Substances that absorb every smidgeon of incoming visible light could complement existing stealth coatings that absorb radar waves, Lin said. He and others emphasized, however, that there are also peaceful and more immediate applications for the blackest stuff on Earth.

Solar panels coated with it would be much more efficient than those coated with conventional black paint, which reflects 5 percent or more of incoming light. Telescopes lined with it would sop up random flecks of incidental light, providing a blacker background to detect faint stars.

And a wide array of heat detectors and energy-measuring devices, including climate-tracking equipment on satellites, would become far more accurate than they are today if they were coated with energy-grabbing superblack.

That helps explain why Lin has been fielding queries from solar-energy companies such as SolFocus of Mountain View, Calif., and the European Space Agency.

"The more black the material the better," said Gerald Fraser, a physicist at the National Institute of Standards and Technology, the federal agency that specializes in fine measurements and industrial standards.

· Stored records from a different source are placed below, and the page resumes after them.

(* Let $f$ be a complex-valued harmonic function on $\mathbb{C}$. If $\operatorname{int}S\neq\varnothing$, then $f(\mathbb{C})$ is either a single point or a line. In either case, $S=\mathbb{C}$ and there exists $w_0\in\mathbb{C}$ with $\mathrm{Val}(f,w_0)=\infty$.
   Context: Writing $f=u+iv$, $J_f=u_xv_y-u_yv_x$ and $S=\{z\in\mathbb{C}: J_f(z)=0\}$. $\mathrm{Val}(f,w)$ is the number (possibly infinite) of distinct $z\in\mathbb{C}$ with $f(z)=w$. *)

theory Defs
  imports "HOL-Analysis.Analysis"
begin

definition dx :: "(complex \<Rightarrow> 'a::real_normed_vector) \<Rightarrow> complex \<Rightarrow> 'a" where
  "dx g z = vector_derivative (\<lambda>t::real. g (z + of_real t)) (at 0)"

definition dy :: "(complex \<Rightarrow> 'a::real_normed_vector) \<Rightarrow> complex \<Rightarrow> 'a" where
  "dy g z = vector_derivative (\<lambda>t::real. g (z + \<i> * of_real t)) (at 0)"

definition harmonic :: "(complex \<Rightarrow> complex) \<Rightarrow> bool" where
  "harmonic f \<longleftrightarrow>
     (\<forall>z. f differentiable at z) \<and>
     (\<forall>z. dx f differentiable at z) \<and> (\<forall>z. dy f differentiable at z) \<and>
     continuous_on UNIV (dx (dx f)) \<and> continuous_on UNIV (dy (dx f)) \<and>
     continuous_on UNIV (dx (dy f)) \<and> continuous_on UNIV (dy (dy f)) \<and>
     (\<forall>z. dx (dx f) z + dy (dy f) z = 0)"

text \<open>Jacobian J_f = u_x v_y - u_y v_x where f = u + i v.\<close>
definition jac :: "(complex \<Rightarrow> complex) \<Rightarrow> complex \<Rightarrow> real" where
  "jac f z = Re (dx f z) * Im (dy f z) - Re (dy f z) * Im (dx f z)"

definition critset :: "(complex \<Rightarrow> complex) \<Rightarrow> complex set" where
  "critset f = {z. jac f z = 0}"

definition Val_infinite :: "(complex \<Rightarrow> complex) \<Rightarrow> complex \<Rightarrow> bool" where
  "Val_infinite f w \<longleftrightarrow> infinite {z. f z = w}"

definition is_line :: "complex set \<Rightarrow> bool" where
  "is_line L \<longleftrightarrow> (\<exists>a b. b \<noteq> 0 \<and> L = {a + of_real t * b | t. True})"

end

theory Submission
  imports Defs "HOL-Complex_Analysis.Complex_Analysis"
begin

text \<open>
  Let f_z = (f_x - i f_y)/2 and f_zbar = (f_x + i f_y)/2. For harmonic f the mixed partials
  commute, so f_z and the conjugate of f_zbar are entire, and J_f = |f_z|^2 - |f_zbar|^2.
  If J_f vanishes on an open set, f_z / conj f_zbar is unimodular there, hence constant by the
  maximum modulus principle, and by analytic continuation f_z = c conj f_zbar on the whole plane
  with |c| = 1. Thus J_f vanishes identically, and writing c = m^2 the differential of f is
  k |-> m Re (K k) with K = 2 m conj f_zbar entire; integrating, f = a + m Re F with F' = K.
  So f(C) lies on the line a + m R: either F is constant and f is constant, or, by the little
  Picard theorem, Re F attains every real value, each on an infinite set.
\<close>

definition dir_deriv :: "complex \<Rightarrow> (complex \<Rightarrow> 'a::real_normed_vector) \<Rightarrow> complex \<Rightarrow> 'a" where
  "dir_deriv e g z = vector_derivative (\<lambda>t::real. g (z + of_real t * e)) (at 0)"

lemma dx_eq_dir_deriv: "dx = dir_deriv 1"
  by (intro ext) (simp add: dx_def dir_deriv_def)

lemma dy_eq_dir_deriv: "dy = dir_deriv \<i>"
  by (intro ext) (simp add: dy_def dir_deriv_def mult.commute)

lemma has_vector_derivative_along_line:
  fixes g :: "complex \<Rightarrow> 'a::real_normed_vector"
  assumes "(g has_derivative D) (at (w + of_real s * e))"
  shows "((\<lambda>t::real. g (w + of_real t * e)) has_vector_derivative D e) (at s)"
proof -
  have "((\<lambda>t::real. w + of_real t * e) has_derivative (\<lambda>h. of_real h * e)) (at s)"
    by (auto intro!: derivative_eq_intros)
  from has_derivative_compose[OF this assms]
  have "((\<lambda>t. g (w + of_real t * e)) has_derivative (\<lambda>h. D (of_real h * e))) (at s)"
    by (simp add: o_def)
  moreover have "(\<lambda>h. D (of_real h * e)) = (\<lambda>h. h *\<^sub>R D e)"
    using has_derivative_linear[OF assms] by (auto simp: scaleR_conv_of_real[symmetric] linear_scale)
  ultimately show ?thesis
    by (simp add: has_vector_derivative_def)
qed

lemma dir_deriv_eq:
  assumes "(g has_derivative D) (at z)"
  shows "dir_deriv e g z = D e"
  using has_vector_derivative_along_line[of g D z 0 e] assms
  by (simp add: dir_deriv_def vector_derivative_at)
lemma Dlam_shift:
  assumes "exp c = 1" and "\<And>u. F (u + c) = G u"
  shows "Dlam F (u + c) = Dlam G u"
proof -
  have "deriv (\<lambda>u'. F u' k) (u + c) = deriv (\<lambda>u'. F (u' + c) k) u" for k
    by (simp add: deriv_def DERIV_shift)
  moreover have "exp (- (u + c)) = exp (- u)"
    using assms(1) by (simp add: exp_diff)
  ultimately show ?thesis
    by (simp add: Dlam_def assms(2))
qed

lemma Dlam_funpow_shift:
  assumes "exp c = 1" and "\<And>u. F (u + c) = G u"
  shows "(Dlam ^^ k) F (u + c) = (Dlam ^^ k) G u"
  using assms(2) by (induction k arbitrary: u) (simp_all add: Dlam_shift[OF assms(1)])

lemma monodromyI_negative:
  assumes "\<And>l u. ItilK n logQ (- int l - 1) E (u + 2 * pi * \<i>)
    = ItilK n logQ (- int l - 1) F u"
  shows "monodromy n logQ E F"
  unfolding monodromy_def
proof (intro allI)
  fix m :: int and u
  show "ItilK n logQ m E (u + 2 * pi * \<i>) = ItilK n logQ m F u"
  proof (cases "m \<le> -1")
    case True
    then have "m = - int (nat (- m - 1)) - 1"
      by simp
    then show ?thesis
      using assms by metis
  next
    case False
    have "Itil_neg n (- 1) (Psi n logQ E) (u + 2 * pi * \<i>) = Itil_neg n (- 1) (Psi n logQ F) u"
      for u
      using assms[of 0 u] by (simp add: ItilK_def Itil_def)
    then have "(Dlam ^^ nat (m + 1)) (Itil_neg n (- 1) (Psi n logQ E)) (u + 2 * pi * \<i>)
        = (Dlam ^^ nat (m + 1)) (Itil_neg n (- 1) (Psi n logQ F)) u"
      by (intro Dlam_funpow_shift) simp_all
    with False show ?thesis
      by (simp add: ItilK_def Itil_def)
  qed
qed

lemma exp_mult_shift_2pi:
  "exp ((of_nat k - z) * (u + 2 * pi * \<i>))
     = exp ((of_nat k - z) * u) * exp (- 2 * pi * \<i> * z)"
proof -
  have "(of_nat k - z) * (u + 2 * pi * \<i>)
      = (of_nat k - z) * u + (of_nat k * (2 * pi * \<i>) + - 2 * pi * \<i> * z)"
    by (simp add: algebra_simps)
  then show ?thesis
    by (simp only: exp_add exp_of_nat_mult) simp
qed

lemma monodromy_criterion:
  assumes rk: "rk F = rk E"
    and deg: "degK n F = degK n E + rk E / of_nat (n - 2)"
    and chi: "\<And>j p. j \<in> {1..3} \<Longrightarrow> p \<in> {1..a n j - 1} \<Longrightarrow>
      chi n j p F = exp (- 2 * pi * \<i> * of_nat p / of_nat (a n j)) * chi n j p E"
  shows "monodromy n logQ E F"
proof (rule monodromyI_negative, rule ext, clarify)
  fix l u i q
  have shift_00: "exp (of_nat (l + 1) * (u + 2 * pi * \<i>)) = exp (of_nat (l + 1) * u)"
    and shift_01: "exp (of_nat l * (u + 2 * pi * \<i>)) = exp (of_nat l * u)"
    using exp_mult_shift_2pi[of "l + 1" 0 u] exp_mult_shift_2pi[of l 0 u] by simp_all
  have coeff_01:
    "rk E * (u + 2 * pi * \<i> - Cl n logQ l) / of_nat (n - 2) + 2 * pi * \<i> * degK n E
      = rk F * (u - Cl n logQ l) / of_nat (n - 2) + 2 * pi * \<i> * degK n F"
    by (simp add: rk deg algebra_simps add_divide_distrib diff_divide_distrib)
  show "ItilK n logQ (- int l - 1) E (u + 2 * pi * \<i>) (i, q)
    = ItilK n logQ (- int l - 1) F u (i, q)"
    unfolding ItilK_negative_apply exp_mult_shift_2pi shift_00 shift_01 coeff_01
    by (auto simp: rk chi)
qed

theorem monodromy_mult_Tcls:
  assumes "n \<ge> 3"
  shows "monodromy n logQ E (E * Tcls n)"
  by (rule monodromy_criterion) (simp_all add: degK_Tcls[OF assms] chi_Tcls)

lemma monodromy_Psi_cong:
  "monodromy n logQ E F \<Longrightarrow> Psi n logQ F = Psi n logQ G \<Longrightarrow> monodromy n logQ E G"
  by (simp add: monodromy_def ItilK_def)

lemma Psi_eqI:
  assumes "rk E = rk F" "degK n E = degK n F"
    and "\<And>\<zeta>. \<zeta> ^ (n - 2) = 1 \<Longrightarrow> ev3 E \<zeta> 1 1 = ev3 F \<zeta> 1 1"
    and "ev3 E 1 (- 1) 1 = ev3 F 1 (- 1) 1" "ev3 E 1 1 (- 1) = ev3 F 1 1 (- 1)"
  shows "Psi n logQ E = Psi n logQ F"
proof -
  have "chi n j p E = chi n j p F" if "j \<in> {1..3}" "p \<in> {1..a n j - 1}" for j p
  proof -
    have "j = 1 \<or> j = 2 \<and> p = 1 \<or> j = 3 \<and> p = 1"
      using that by (auto simp: a_def)
    then consider "j = 1" | "j = 2" "p = 1" | "j = 3" "p = 1"
      by blast
    then show ?thesis
      using assms(3)[OF exp_root_of_unity_power[of p "n - 2"]]
      by cases (simp_all add: chi_def assms(4,5) exp_minus)
  qed
  then show ?thesis
    unfolding Psi_def using assms(1,2) by (intro arg_cong2[where f = "(+)"] sum.cong refl) simp_all
qed

lemma monodromy_via_Tcls:
  assumes "n \<ge> 3"
    and "rk (E * Tcls n) = rk F" "degK n (E * Tcls n) = degK n F"
    and "\<And>\<zeta>. \<zeta> ^ (n - 2) = 1 \<Longrightarrow> ev3 (E * Tcls n) \<zeta> 1 1 = ev3 F \<zeta> 1 1"
    and "ev3 (E * Tcls n) 1 (- 1) 1 = ev3 F 1 (- 1) 1"
    and "ev3 (E * Tcls n) 1 1 (- 1) = ev3 F 1 1 (- 1)"
  shows "monodromy n logQ E F"
  using monodromy_mult_Tcls[OF assms(1)] Psi_eqI[OF assms(2-)] by (rule monodromy_Psi_cong)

That agency offers scientists a chemical mix it calls "standard black," which for years has been the defining measure of blackness. Photographers and printers use it to calibrate their gray scales. Industrial radiologists use it to calibrate X-ray imaging systems that detect radiation or hidden defects in building materials.

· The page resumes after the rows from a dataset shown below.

definition lifted_point ::
  "nat \<Rightarrow> nat \<Rightarrow> (nat \<Rightarrow> nat \<Rightarrow> real) \<Rightarrow> (nat \<Rightarrow> real) \<Rightarrow> real \<Rightarrow> (nat \<Rightarrow> real)
   \<Rightarrow> real \<Rightarrow> (nat \<Rightarrow> real) \<Rightarrow> (nat \<Rightarrow> nat \<Rightarrow> real) \<Rightarrow> (nat \<Rightarrow> real) \<Rightarrow> bool" where
  "lifted_point n r C d a0 a rho y W x \<longleftrightarrow>
     (\<forall>k<r. \<forall>l<r. lifted_product n rho y W (d k) (\<lambda>j. - C k j) (d l) (\<lambda>j. - C l j) \<ge> 0)
     \<and> (\<forall>k<r. dotp n (C k) y \<le> rho * d k) \<and> rho \<ge> 0
     \<and> a0 * rho + dotp n a y = 1 \<and> (\<forall>j<n. x j = a0 * y j + (\<Sum>h<n. a h * W j h))"

lemma RQP_lifted_point:
  assumes "(rho, y, x) \<in> RQP m n p r C d a0 a" "i < m"
  obtains W where "lifted_point n r C d (a0 i) (a i) (rho i) (y i) W x"
proof -
  from assms obtain W where W:
    "\<forall>k<r. \<forall>l<r. (\<Sum>j<n. \<Sum>h<n. C k j * W i j h * C l h)
       - d k * matvec n C (y i) l - matvec n C (y i) k * d l + rho i * d k * d l \<ge> 0"
    "a0 i * rho i + dotp n (a i) (y i) = 1" "rho i \<ge> 0"
    "\<forall>j<n. x j = a0 i * y i j + (\<Sum>k<n. a i k * W i j k)"
    "\<forall>k<r. matvec n C (y i) k \<le> rho i * d k"
    unfolding RQP_def by blast
  have "lifted_product n (rho i) (y i) (W i) (d k) (\<lambda>j. - C k j) (d l) (\<lambda>j. - C l j)
        = (\<Sum>j<n. \<Sum>h<n. C k j * W i j h * C l h)
          - d k * matvec n C (y i) l - matvec n C (y i) k * d l + rho i * d k * d l" for k l
    by (simp add: lifted_product_def dotp_def matvec_def sum_negf algebra_simps)
  with W have "lifted_point n r C d (a0 i) (a i) (rho i) (y i) (W i) x"
    unfolding lifted_point_def by (simp add: matvec_eq_dotp mult.commute)
  then show ?thesis by (rule that)
qed

lemma lifted_product_cong:
  assumes "\<And>j. j < n \<Longrightarrow> f j = f' j" "\<And>j. j < n \<Longrightarrow> g j = g' j"
  shows "lifted_product n rho y W f0 f g0 g = lifted_product n rho y W f0 f' g0 g'"
  using assms by (simp add: lifted_product_def dotp_def)

lemma lifted_product_comb_left:
  "lifted_product n rho y W (lam0 + (\<Sum>k<R. lam k * c k)) (\<lambda>j. \<Sum>k<R. lam k * G k j) g0 g
   = lam0 * lifted_product n rho y W 1 (\<lambda>_. 0) g0 g
     + (\<Sum>k<R. lam k * lifted_product n rho y W (c k) (G k) g0 g)"
  by (simp add: lifted_product_def dotp_def sum.distrib sum_distrib_left sum_distrib_right
      algebra_simps sum.swap[of _ "{..<R}"])

lemma lifted_product_comb_right:
  "lifted_product n rho y W f0 f (mu0 + (\<Sum>l<R. mu l * c l)) (\<lambda>h. \<Sum>l<R. mu l * G l h)
   = mu0 * lifted_product n rho y W f0 f 1 (\<lambda>_. 0)
     + (\<Sum>l<R. mu l * lifted_product n rho y W f0 f (c l) (G l))"
  by (simp add: lifted_product_def dotp_def sum.distrib sum_distrib_left sum_distrib_right
      algebra_simps sum.swap[of _ "{..<R}"])

text \<open>Expanding both factors in the Farkas certificates reduces the claim to the products of pairs
  of constraints \<open>1 \<ge> 0\<close> and \<open>d\<^sub>k - C\<^sub>k v \<ge> 0\<close>, which are exactly the constraints of a lifted point.\<close>
lemma lifted_product_nonneg:
  assumes pt: "lifted_point n r C d a0 a rho y W x"
    and lam: "lam0 \<ge> 0" "\<forall>k<r. lam k \<ge> 0" "f0 = lam0 + (\<Sum>k<r. lam k * d k)"
      "\<forall>j<n. f j = (\<Sum>k<r. lam k * - C k j)"
    and mu: "mu0 \<ge> 0" "\<forall>l<r. mu l \<ge> 0" "g0 = mu0 + (\<Sum>l<r. mu l * d l)"
      "\<forall>j<n. g j = (\<Sum>l<r. mu l * - C l j)"
  shows "lifted_product n rho y W f0 f g0 g \<ge> 0"
proof -
  let ?LP = "lifted_product n rho y W"
  let ?row = "\<lambda>k j. - C k j"
  have rho: "rho \<ge> 0" and rows: "\<forall>k<r. dotp n (C k) y \<le> rho * d k"
    and pairs: "\<forall>k<r. \<forall>l<r. ?LP (d k) (?row k) (d l) (?row l) \<ge> 0"
    using pt unfolding lifted_point_def by auto
  have one_row: "?LP 1 (\<lambda>_. 0) (d l) (?row l) \<ge> 0" "?LP (d l) (?row l) 1 (\<lambda>_. 0) \<ge> 0"
    if "l < r" for l
    using rows that by (simp_all add: lifted_product_def dotp_def sum_negf algebra_simps)
  have g_eq: "?LP h0 h g0 g = mu0 * ?LP h0 h 1 (\<lambda>_. 0) + (\<Sum>l<r. mu l * ?LP h0 h (d l) (?row l))"
    for h0 h
  proof -
    have "?LP h0 h g0 g = ?LP h0 h (mu0 + (\<Sum>l<r. mu l * d l)) (\<lambda>j. \<Sum>l<r. mu l * ?row l j)"
      unfolding mu(3) by (rule lifted_product_cong) (use mu(4) in auto)
    then show ?thesis by (simp only: lifted_product_comb_right)
  qed
  have "?LP 1 (\<lambda>_. 0) g0 g \<ge> 0"
    unfolding g_eq using mu(1,2) one_row rho
    by (intro add_nonneg_nonneg sum_nonneg mult_nonneg_nonneg) (auto simp: lifted_product_def dotp_def)
  moreover have "?LP (d k) (?row k) g0 g \<ge> 0" if "k < r" for k
    unfolding g_eq using mu(1,2) one_row pairs that
    by (intro add_nonneg_nonneg sum_nonneg mult_nonneg_nonneg) auto
  moreover have "?LP f0 f g0 g = ?LP (lam0 + (\<Sum>k<r. lam k * d k)) (\<lambda>j. \<Sum>k<r. lam k * ?row k j) g0 g"
    unfolding lam(3) by (rule lifted_product_cong) (use lam(4) in auto)
  then have "?LP f0 f g0 g = lam0 * ?LP 1 (\<lambda>_. 0) g0 g + (\<Sum>k<r. lam k * ?LP (d k) (?row k) g0 g)"
    by (simp only: lifted_product_comb_left)
  ultimately show ?thesis
    using lam(1,2) by (auto intro!: add_nonneg_nonneg sum_nonneg mult_nonneg_nonneg)
qed

lemma lifted_product_valid:
  assumes "lifted_point n r C d a0 a rho y W x" "polyP n r C d \<noteq> {}"
    and "\<forall>v\<in>polyP n r C d. f0 + dotp n f v \<ge> 0" "\<forall>v\<in>polyP n r C d. g0 + dotp n g v \<ge> 0"
  shows "lifted_product n rho y W f0 f g0 g \<ge> 0"
  using polyP_valid_inequality[OF assms(2,3)] polyP_valid_inequality[OF assms(2,4)]
    lifted_product_nonneg[OF assms(1)] by blast

lemma lifted_product_denominator:
  assumes "lifted_point n r C d a0 a rho y W x"
  shows "lifted_product n rho y W f0 f (s * (a0 - c)) (\<lambda>j. s * a j)
         = s * (f0 + dotp n f x - c * (f0 * rho + dotp n f y))"
proof -
  have x: "\<forall>j<n. x j = a0 * y j + (\<Sum>h<n. a h * W j h)" and norm: "dotp n a y = 1 - a0 * rho"
    using assms unfolding lifted_point_def by auto
  have "dotp n f x = (\<Sum>j<n. f j * (a0 * y j + (\<Sum>h<n. a h * W j h)))"
    unfolding dotp_def using x by (intro sum.cong) auto
  then have W: "(\<Sum>j<n. \<Sum>h<n. f j * W j h * (s * a h)) = s * (dotp n f x - a0 * dotp n f y)"
    by (simp add: dotp_def sum.distrib sum_distrib_left algebra_simps)
  have a: "dotp n (\<lambda>j. s * a j) y = s * (1 - a0 * rho)"
    unfolding norm[symmetric] by (simp add: dotp_def sum_distrib_left mult.assoc)
  show ?thesis unfolding lifted_product_def W a by (simp add: algebra_simps)
qed

lemma mccormick_lifted:
  assumes pt: "lifted_point n r C d a0 a rho y W x" and ne: "polyP n r C d \<noteq> {}"
    and den: "\<forall>v\<in>polyP n r C d. s * (a0 + dotp n a v - c) \<ge> 0"
    and ratio: "\<forall>v\<in>polyP n r C d. t * (b0 + dotp n b v - z * (a0 + dotp n a v)) \<ge> 0"
  shows "s * t * (b0 + dotp n b x - z * (a0 + dotp n a x) - c * (b0 * rho + dotp n b y) + c * z) \<ge> 0"
proof -
  define f0 where "f0 = t * (b0 - z * a0)"
  define f where "f j = t * (b j - z * a j)" for j
  have f: "f0 + dotp n f v = t * (b0 + dotp n b v - z * (a0 + dotp n a v))" for v
    unfolding f0_def f_def by (simp add: dotp_def sum_distrib_left sum_subtractf algebra_simps)
  have g: "s * (a0 - c) + dotp n (\<lambda>j. s * a j) v = s * (a0 + dotp n a v - c)" for v
    by (simp add: dotp_def sum_distrib_left mult.assoc algebra_simps)
  have "a0 * rho + dotp n a y = 1" using pt unfolding lifted_point_def by blast
  moreover have "f0 * rho + dotp n f y = t * (b0 * rho + dotp n b y - z * (a0 * rho + dotp n a y))"
    unfolding f0_def f_def by (simp add: dotp_def sum_distrib_left sum_subtractf algebra_simps)
  ultimately have "f0 * rho + dotp n f y = t * (b0 * rho + dotp n b y - z)" by simp
  then have "lifted_product n rho y W f0 f (s * (a0 - c)) (\<lambda>j. s * a j)
      = s * (t * (b0 + dotp n b x - z * (a0 + dotp n a x)) - c * (t * (b0 * rho + dotp n b y - z)))"
    unfolding lifted_product_denominator[OF pt] f[of x] by (rule arg_cong)
  moreover have "lifted_product n rho y W f0 f (s * (a0 - c)) (\<lambda>j. s * a j) \<ge> 0"
    using lifted_product_valid[OF pt ne] den ratio f g by simp
  ultimately show ?thesis by (simp add: algebra_simps)
qed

That black reflects about 1.4 percent of incoming visible light, and in recent years it has become somewhat outmoded. In 2003, scientists developed a substance made of nickel and phosphorus that reflected just 0.17 percent of visible light, winning it a Guinness World Records listing and kudos in Time magazine as one of that year's 300 "coolest inventions."

The newest black -- which when held next to something conventionally black, such as a tuxedo jacket, is noticeably blacker -- reflects just 0.045 percent of visible light.

It is made of carbon nanotubes: microscopic, hollow fibers whose walls are just one atom thick. Importantly, the fibers are widely spaced, providing plenty of space to allow light in and almost no surfaces to bounce it back out.

"There are a lot of materials that are very absorbing of light so that once the light gets in, very little is reflected. That is not the big issue," said John Pendry, a physics professor at Imperial College London. "The big issue is persuading the light to go in there in the first place" -- something the New York team accomplished by spacing the nanotubes so widely.

While Lin and his colleagues, including Pulickel Ajayan, now at Rice University, pursue applications for their superblack, Pendry and others are hoping to go further by perfecting complete invisibility. The big difference is that a superblack object, even if invisible to the eye, still casts a shadow behind it, while an object shielded by an invisibility cloak does not.

Pendry pioneered much of modern thinking about how to attain full invisibility using "metamaterials" -- substances engineered to manhandle light. Ordinary matter, such as glass or water, slows and bends light as it passes through. Metamaterials contain bits of metal or other substances embedded in precise patterns to make the light bend in an opposite direction from normal paths.